И все же он не мог оторвать глаз от этого человека и все более пристально к нему присматривался. Он видел, как тот довольно долго простоял у тела, сложив руки с таким видом, будто молился, потом, быстро перекрестившись, словно нехотя двинулся дальше, и то лишь после того, как ему дали понять, что следует уступить место другим. Морозини уже собирался последовать за ним, но, внезапно заметив, что мадемуазель фон Винклеред знаками подзывает его из дальнего угла комнаты, приблизился к ней.

— Вы ведь собираетесь ехать в Лугано, да? — спросила она.

— Да, собираемся. Лучший способ избежать трагедии — вовремя предупредить. Мы думали уехать сразу после окончания обряда погребения.

— Найдите какой-нибудь предлог, чтобы уехать сегодня же. Через два часа отходит поезд на Брегенц… Прежде всего, похороны состоятся на двадцать четыре часа раньше, то есть завтра, а потом, на следующую ночь, Фриц увезет тело. Если учесть, что вас может подвести неудобное расписание и вы задержитесь на пересадке или, например, не сразу найдете графа Манфреди, выигрыш во времени мог бы оказаться недостаточным…

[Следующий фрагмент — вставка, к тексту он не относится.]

lemma transmission_energy_bounds:
  assumes H1: "heat_solution \<kappa>1 t0 u1 u1x u1xx u1t" and H2: "heat_solution \<kappa>2 t0 u2 u2x u2xx u2t"
    and "0 < \<kappa>2" "\<kappa>2 \<le> \<kappa>1" "0 < w" "t > t0"
  shows "energy u1 t + w * energy u2 t \<le> 4 / \<kappa>2 * (\<kappa>1 * energy u1x t + w * \<kappa>2 * energy u2x t)"
    and "(u1 0 t)^2 \<le> 5 / \<kappa>1 * (\<kappa>1 * energy u1x t + w * \<kappa>2 * energy u2x t)"
proof -
  have "energy u1 t + w * energy u2 t \<le> 4 * energy u1x t + w * (4 * energy u2x t)"
    using heat_solution.energy_le_gradient_energy[OF H1 \<open>t > t0\<close>]
      heat_solution.energy_le_gradient_energy[OF H2 \<open>t > t0\<close>] \<open>0 < w\<close>
    by (intro add_mono mult_left_mono) auto
  also have "\<dots> \<le> 4 / \<kappa>2 * (\<kappa>1 * energy u1x t + w * \<kappa>2 * energy u2x t)"
    using assms(3-5) energy_nonneg[of u1x t] by (simp add: field_simps mult_right_mono)
  finally show "energy u1 t + w * energy u2 t \<le> 4 / \<kappa>2 * (\<kappa>1 * energy u1x t + w * \<kappa>2 * energy u2x t)" .
  have "(u1 0 t)^2 \<le> 5 * energy u1x t"
    by (rule heat_solution.boundary_left_le_gradient_energy[OF H1 \<open>t > t0\<close>])
  also have "\<dots> \<le> 5 / \<kappa>1 * (\<kappa>1 * energy u1x t + w * \<kappa>2 * energy u2x t)"
    using assms(3-5) energy_nonneg[of u2x t] by (simp add: field_simps)
  finally show "(u1 0 t)^2 \<le> 5 / \<kappa>1 * (\<kappa>1 * energy u1x t + w * \<kappa>2 * energy u2x t)" .
qed

section \<open>Exponential decay of the coupled system\<close>

lemma exp_decay_of_differential_inequality:
  fixes W W' :: "real \<Rightarrow> real"
  assumes cont: "continuous_on {t0..} W"
    and deriv: "\<And>t. t > t0 \<Longrightarrow> (W has_real_derivative W' t) (at t)"
    and ineq: "\<And>t. t > t0 \<Longrightarrow> W' t \<le> - c * W t"
    and t: "t \<ge> t0"
  shows "W t \<le> exp (- c * (t - t0)) * W t0"
proof (cases "t = t0")
  case False
  hence "t0 < t" using t by simp
  define g where "g s = exp (c * s) * W s" for s
  have dg: "(g has_real_derivative exp (c * s) * (c * W s + W' s)) (at s)" if "s > t0" for s
    unfolding g_def using deriv[OF that] by (auto intro!: derivative_eq_intros simp: algebra_simps)
  have "continuous_on {t0..t} g"
    unfolding g_def by (intro continuous_intros continuous_on_subset[OF cont]) auto
  then obtain z where z: "t0 < z" "z < t" and "g t - g t0 = (t - t0) * (exp (c * z) * (c * W z + W' z))"
    using MVT[OF \<open>t0 < t\<close>] dg DERIV_unique real_differentiable_def by (smt (verit, best))
  moreover have "exp (c * z) * (c * W z + W' z) \<le> 0"
    using ineq[OF z(1)] by (simp add: mult_nonneg_nonpos)
  ultimately have "exp (c * t) * W t \<le> exp (c * t0) * W t0"
    using \<open>t0 < t\<close> by (simp add: g_def) (smt (verit) mult_nonneg_nonpos)
  hence "exp (- (c * t)) * (exp (c * t) * W t) \<le> exp (- (c * t)) * (exp (c * t0) * W t0)"
    by (rule mult_left_mono) simp
  thus ?thesis by (simp add: exp_add[symmetric] exp_minus_inverse algebra_simps mult_exp_exp)
qed simp

lemma bilinear_coupling_le:
  fixes P :: "'a::real_normed_vector \<Rightarrow> 'a \<Rightarrow> real"
  assumes bound: "\<And>x y. \<bar>P x y\<bar> \<le> K * norm x * norm y"
  shows "2 * u * P z b \<le> (norm z)^2 / 2 + 2 * K^2 * (norm b)^2 * u^2"
proof -
  have "2 * u * P z b \<le> 2 * \<bar>u\<bar> * \<bar>P z b\<bar>"
    by (metis abs_ge_self abs_mult abs_numeral)
  also have "\<dots> \<le> 2 * \<bar>u\<bar> * (K * norm z * norm b)"
    using bound[of z b] by (simp add: mult_left_mono)
  also have "\<dots> \<le> (norm z)^2 / 2 + 2 * K^2 * (norm b)^2 * u^2"
  proof -
    have "0 \<le> (norm z - 2 * K * norm b * \<bar>u\<bar>)^2 / 2" by simp
    also have "\<dots> = (norm z)^2 / 2 - 2 * \<bar>u\<bar> * (K * norm z * norm b) + 2 * K^2 * (norm b)^2 * \<bar>u\<bar>^2"
      by (simp add: power2_eq_square field_simps abs_mult_self_eq)
    finally show ?thesis by (simp add: power2_abs)
  qed
  finally show ?thesis .
qed

lemma coupled_lyapunov_derivative_bound:
  fixes P :: "'a::real_normed_vector \<Rightarrow> 'a \<Rightarrow> real"
  assumes "bounded_bilinear P" and bound: "\<And>x y. \<bar>P x y\<bar> \<le> K * norm x * norm y"
    and lyapunov: "2 * P z y \<le> - (norm z ^ 2)"
    and D: "0 \<le> D" "V \<le> \<alpha> * D" "u^2 \<le> \<beta> * D"
    and "0 \<le> \<beta>" "\<alpha> > 0" "K > 0"
    and \<kappa>: "\<kappa> = 2 * K^2 * (norm b)^2 * \<beta> + 1"
    and c: "c = min (1 / \<alpha>) (1 / (2 * K))"
  shows "- 2 * \<kappa> * D + 2 * P z (y + u *\<^sub>R b) \<le> - c * (\<kappa> * V + P z z)"
proof -
  interpret bounded_bilinear P by fact
  have "2 * u * P z b \<le> (norm z)^2 / 2 + 2 * K^2 * (norm b)^2 * u^2"
    by (rule bilinear_coupling_le[OF bound])
  also have "2 * K^2 * (norm b)^2 * u^2 \<le> (\<kappa> - 1) * D"
    using mult_left_mono[OF D(3), of "2 * K^2 * (norm b)^2"] by (simp add: \<kappa> mult_ac)
  finally have coupling: "2 * u * P z b \<le> (norm z)^2 / 2 + (\<kappa> - 1) * D" by simp
  have "0 \<le> c" "c \<le> 1 / \<alpha>" "c \<le> 1 / (2 * K)"
    using \<open>\<alpha> > 0\<close> \<open>K > 0\<close> by (simp_all add: c)
  hence "c * \<alpha> \<le> 1" "c * K \<le> 1 / 2"
    using \<open>\<alpha> > 0\<close> \<open>K > 0\<close> by (simp_all add: le_divide_eq mult_ac)
  have "1 \<le> \<kappa>" using \<open>0 \<le> \<beta>\<close> by (simp add: \<kappa>)
  have "c * V \<le> D"
    using mult_left_mono[OF D(2) \<open>0 \<le> c\<close>] mult_right_mono[OF \<open>c * \<alpha> \<le> 1\<close> D(1)]
    by (simp add: mult.assoc)
  hence "c * (\<kappa> * V) \<le> \<kappa> * D"
    using mult_left_mono[of "c * V" D \<kappa>] \<open>1 \<le> \<kappa>\<close> by (simp add: mult_ac)
  moreover have "c * P z z \<le> (norm z)^2 / 2"
  proof -
    have "c * P z z \<le> c * (K * (norm z)^2)"
      using mult_left_mono[OF abs_le_D1[OF bound[of z z]] \<open>0 \<le> c\<close>]
      by (simp add: power2_eq_square mult_ac)
    also have "\<dots> \<le> (norm z)^2 / 2"
      using mult_right_mono[OF \<open>c * K \<le> 1 / 2\<close>, of "(norm z)^2"] by (simp add: mult_ac)
    finally show ?thesis .
  qed
  moreover have "P z (y + u *\<^sub>R b) = P z y + u * P z b" by (simp add: add_right scaleR_right)
  ultimately show ?thesis using lyapunov coupling D(1) by (simp add: algebra_simps)
qed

— Вы — само благоразумие! Но не могли бы вы помочь мне с предлогом? Я думаю сослаться на телеграмму, полученную из Венеции…

— Разумеется, вы можете на меня рассчитывать, но будьте уверены, что доказательств у вас никто и не потребует: новый великий князь вас ненавидит, а Таффельберг ненавидит еще сильнее. Они будут только рады, если вы уедете.

— Я тоже без них скучать не стану, а вам спасибо за то, что предупредили!

Через полтора часа после этого разговора, официально распрощавшись с хозяевами, которые приняли это с нескрываемым удовлетворением, Альдо и его «секретарь» выехали из Гогенбурга в той самой машине, которая их туда привезла. Теперь она доставила их на вокзал, откуда маленьким поездом, ходившим только до Лангенфельса и обратно, они отправились в Брегенц. Там переночевали, а наутро принялись пробираться к цели по запутанному лабиринту швейцарских железных дорог.

Назавтра, когда последние посетители разъезжались из замка, предоставляя близким в узком кругу совершить погребение великой княгини, лысый человечек в темно-серой шубе и с лицом, которое было бы вполне заурядным, если бы не его разбухший нос, попросил разрешения переговорить с фрейлиной покойной. Человечек выглядел крайне взволнованным и, оказавшись лицом к лицу с девушкой, тотчас рассыпался в извинениях и сожалениях:

— Мадемуазель, мне сообщили, что князь Морозини покинул замок еще вчера вечером. Не могли бы вы сказать мне, куда именно он уехал? Просто не знаю, как быть, если мне не удастся в самое ближайшее время его разыскать!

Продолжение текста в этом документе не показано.